§ TASK STATEMENT: Copy out the entries that come next, exactly.

§ MATERIAL SUPPLIED:
(* Let $N\ge1$. There exist $n=(N+1)(N+2)/2$ real triples $(b_i,c_i,d_i)$, $i=1,\dots,n$ (for instance $d_i=1$ and $(b_i,c_i)=(b_j,c_k)$ ranging over all pairs with $j,k\in\mathbb{Z}_{\ge0}$, $j+k\le N$, where $b_0,\dots,b_N$ are pairwise distinct reals and $c_0,\dots,c_N$ are pairwise distinct reals), such that, with $A_i=b_i\sigma_X+c_i\sigma_Y+d_i\sigma_Z$, every permutation-invariant Hermitian operator $\rho$ on $N$ qubits (in particular the projector $|\Psi^{PI}\rangle\langle\Psi^{PI}|$ onto any permutation-invariant pure state) can be written as $$\rho=\sum_{i=1}^{n}\sum_{j=0}^{N}\alpha_{ij}\sum_{\pi}\mathbb{I}^{\otimes j}\otimes A_i^{\otimes (N-j)}$$ with real coefficients $\alpha_{ij}$. Consequently, for every state $\sigma$, the fidelity $\langle\Psi^{PI}|\sigma|\Psi^{PI}\rangle$ is a fixed linear combination of expectation values obtainable from the $n$ local measurement settings $A_i^{\otimes N}$; i.e., $C_S(\rho)\le (N+1)(N+2)/2$ for every permutation-invariant $\rho$.
   Context: $\mathbb{I},\sigma_X,\sigma_Y,\sigma_Z$ are the identity and Pauli matrices. An $N$-qubit operator $\rho$ is permutation invariant (PI) if $P(\pi)\rho P(\pi)^\dagger=\rho$ for all $\pi\in S_N$, where $P(\pi)$ permutes tensor factors. The notation $\sum_\pi \mathbb{I}^{\otimes j}\otimes A^{\otimes(N-j)}$ denotes the sum, over all distinct placements, of tensor products in which exactly $j$ of the $N$ factors are $\mathbb{I}$ and the other $N-j$ are $A$ (each distinct arrangement counted once). A local measurement setting (LMS) is an operator $A^{\otimes N}$ with $A=b\sigma_X+c\sigma_Y+d\sigma_Z$, $b,c,d\in\mathbb{R}$; from it all the expectations $\langle\sum_\pi\mathbb{I}^{\otimes j}\otimes A^{\otimes(N-j)}\rangle$ are obtainable. Measurement complexity: for an $N$-qubit PI operator $\rho$, $C_S(\rho)$ is the minimal $n_A$ such that there exist real $b_i,c_i,d_i$ and real $\alpha_{ij}$ ($1\le i\le n_A$, $0\le j\le N$) with $\rho=\sum_{i=1}^{n_A}\sum_{j=0}^{N}\alpha_{ij}\sum_\pi\mathbb{I}^{\otimes j}\otimes A_i^{\otimes(N-j)}$, $A_i=b_i\sigma_X+c_i\sigma_Y+d_i\sigma_Z$. *)

theory Defs
  imports "HOL-Analysis.Analysis" "HOL-Combinatorics.Permutations"
begin

text \<open>Single-qubit operators: 2x2 complex matrices indexed by bool
  (False = |0>, True = |1>), entry (row, column).
  N-qubit operators: functions on pairs of bit strings (bool lists);
  only entries with both lists of length N are meaningful.\<close>

type_synonym qop = "bool \<Rightarrow> bool \<Rightarrow> complex"
type_synonym nop = "bool list \<Rightarrow> bool list \<Rightarrow> complex"

definition idq :: qop where
  "idq x y = (if x = y then 1 else 0)"

definition sigmaX :: qop where
  "sigmaX x y = (if x \<noteq> y then 1 else 0)"

definition sigmaY :: qop where
  "sigmaY x y = (if x = False \<and> y = True then - \<i> else if x = True \<and> y = False then \<i> else 0)"

definition sigmaZ :: qop where
  "sigmaZ x y = (if x = y then (if x then -1 else 1) else 0)"

definition pauli_comb :: "real \<Rightarrow> real \<Rightarrow> real \<Rightarrow> qop" where
  "pauli_comb b c d x y =
     complex_of_real b * sigmaX x y + complex_of_real c * sigmaY x y + complex_of_real d * sigmaZ x y"

definition op_eq :: "nat \<Rightarrow> nop \<Rightarrow> nop \<Rightarrow> bool" where
  "op_eq N \<rho> \<sigma> \<longleftrightarrow> (\<forall>x y. length x = N \<longrightarrow> length y = N \<longrightarrow> \<rho> x y = \<sigma> x y)"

§ FINISHED EXERCISE:
(* Let $N\ge1$. There exist $n=(N+1)(N+2)/2$ real triples $(b_i,c_i,d_i)$, $i=1,\dots,n$ (for instance $d_i=1$ and $(b_i,c_i)=(b_j,c_k)$ ranging over all pairs with $j,k\in\mathbb{Z}_{\ge0}$, $j+k\le N$, where $b_0,\dots,b_N$ are pairwise distinct reals and $c_0,\dots,c_N$ are pairwise distinct reals), such that, with $A_i=b_i\sigma_X+c_i\sigma_Y+d_i\sigma_Z$, every permutation-invariant Hermitian operator $\rho$ on $N$ qubits (in particular the projector $|\Psi^{PI}\rangle\langle\Psi^{PI}|$ onto any permutation-invariant pure state) can be written as $$\rho=\sum_{i=1}^{n}\sum_{j=0}^{N}\alpha_{ij}\sum_{\pi}\mathbb{I}^{\otimes j}\otimes A_i^{\otimes (N-j)}$$ with real coefficients $\alpha_{ij}$. Consequently, for every state $\sigma$, the fidelity $\langle\Psi^{PI}|\sigma|\Psi^{PI}\rangle$ is a fixed linear combination of expectation values obtainable from the $n$ local measurement settings $A_i^{\otimes N}$; i.e., $C_S(\rho)\le (N+1)(N+2)/2$ for every permutation-invariant $\rho$.
   Context: $\mathbb{I},\sigma_X,\sigma_Y,\sigma_Z$ are the identity and Pauli matrices. An $N$-qubit operator $\rho$ is permutation invariant (PI) if $P(\pi)\rho P(\pi)^\dagger=\rho$ for all $\pi\in S_N$, where $P(\pi)$ permutes tensor factors. The notation $\sum_\pi \mathbb{I}^{\otimes j}\otimes A^{\otimes(N-j)}$ denotes the sum, over all distinct placements, of tensor products in which exactly $j$ of the $N$ factors are $\mathbb{I}$ and the other $N-j$ are $A$ (each distinct arrangement counted once). A local measurement setting (LMS) is an operator $A^{\otimes N}$ with $A=b\sigma_X+c\sigma_Y+d\sigma_Z$, $b,c,d\in\mathbb{R}$; from it all the expectations $\langle\sum_\pi\mathbb{I}^{\otimes j}\otimes A^{\otimes(N-j)}\rangle$ are obtainable. Measurement complexity: for an $N$-qubit PI operator $\rho$, $C_S(\rho)$ is the minimal $n_A$ such that there exist real $b_i,c_i,d_i$ and real $\alpha_{ij}$ ($1\le i\le n_A$, $0\le j\le N$) with $\rho=\sum_{i=1}^{n_A}\sum_{j=0}^{N}\alpha_{ij}\sum_\pi\mathbb{I}^{\otimes j}\otimes A_i^{\otimes(N-j)}$, $A_i=b_i\sigma_X+c_i\sigma_Y+d_i\sigma_Z$. *)

theory Defs
  imports "HOL-Analysis.Analysis" "HOL-Combinatorics.Permutations"
begin

text \<open>Single-qubit operators: 2x2 complex matrices indexed by bool
  (False = |0>, True = |1>), entry (row, column).
  N-qubit operators: functions on pairs of bit strings (bool lists);
  only entries with both lists of length N are meaningful.\<close>

type_synonym qop = "bool \<Rightarrow> bool \<Rightarrow> complex"
type_synonym nop = "bool list \<Rightarrow> bool list \<Rightarrow> complex"

definition idq :: qop where
  "idq x y = (if x = y then 1 else 0)"

definition sigmaX :: qop where
  "sigmaX x y = (if x \<noteq> y then 1 else 0)"

definition sigmaY :: qop where
  "sigmaY x y = (if x = False \<and> y = True then - \<i> else if x = True \<and> y = False then \<i> else 0)"

definition sigmaZ :: qop where
  "sigmaZ x y = (if x = y then (if x then -1 else 1) else 0)"

definition pauli_comb :: "real \<Rightarrow> real \<Rightarrow> real \<Rightarrow> qop" where
  "pauli_comb b c d x y =
     complex_of_real b * sigmaX x y + complex_of_real c * sigmaY x y + complex_of_real d * sigmaZ x y"

definition op_eq :: "nat \<Rightarrow> nop \<Rightarrow> nop \<Rightarrow> bool" where
  "op_eq N \<rho> \<sigma> \<longleftrightarrow> (\<forall>x y. length x = N \<longrightarrow> length y = N \<longrightarrow> \<rho> x y = \<sigma> x y)"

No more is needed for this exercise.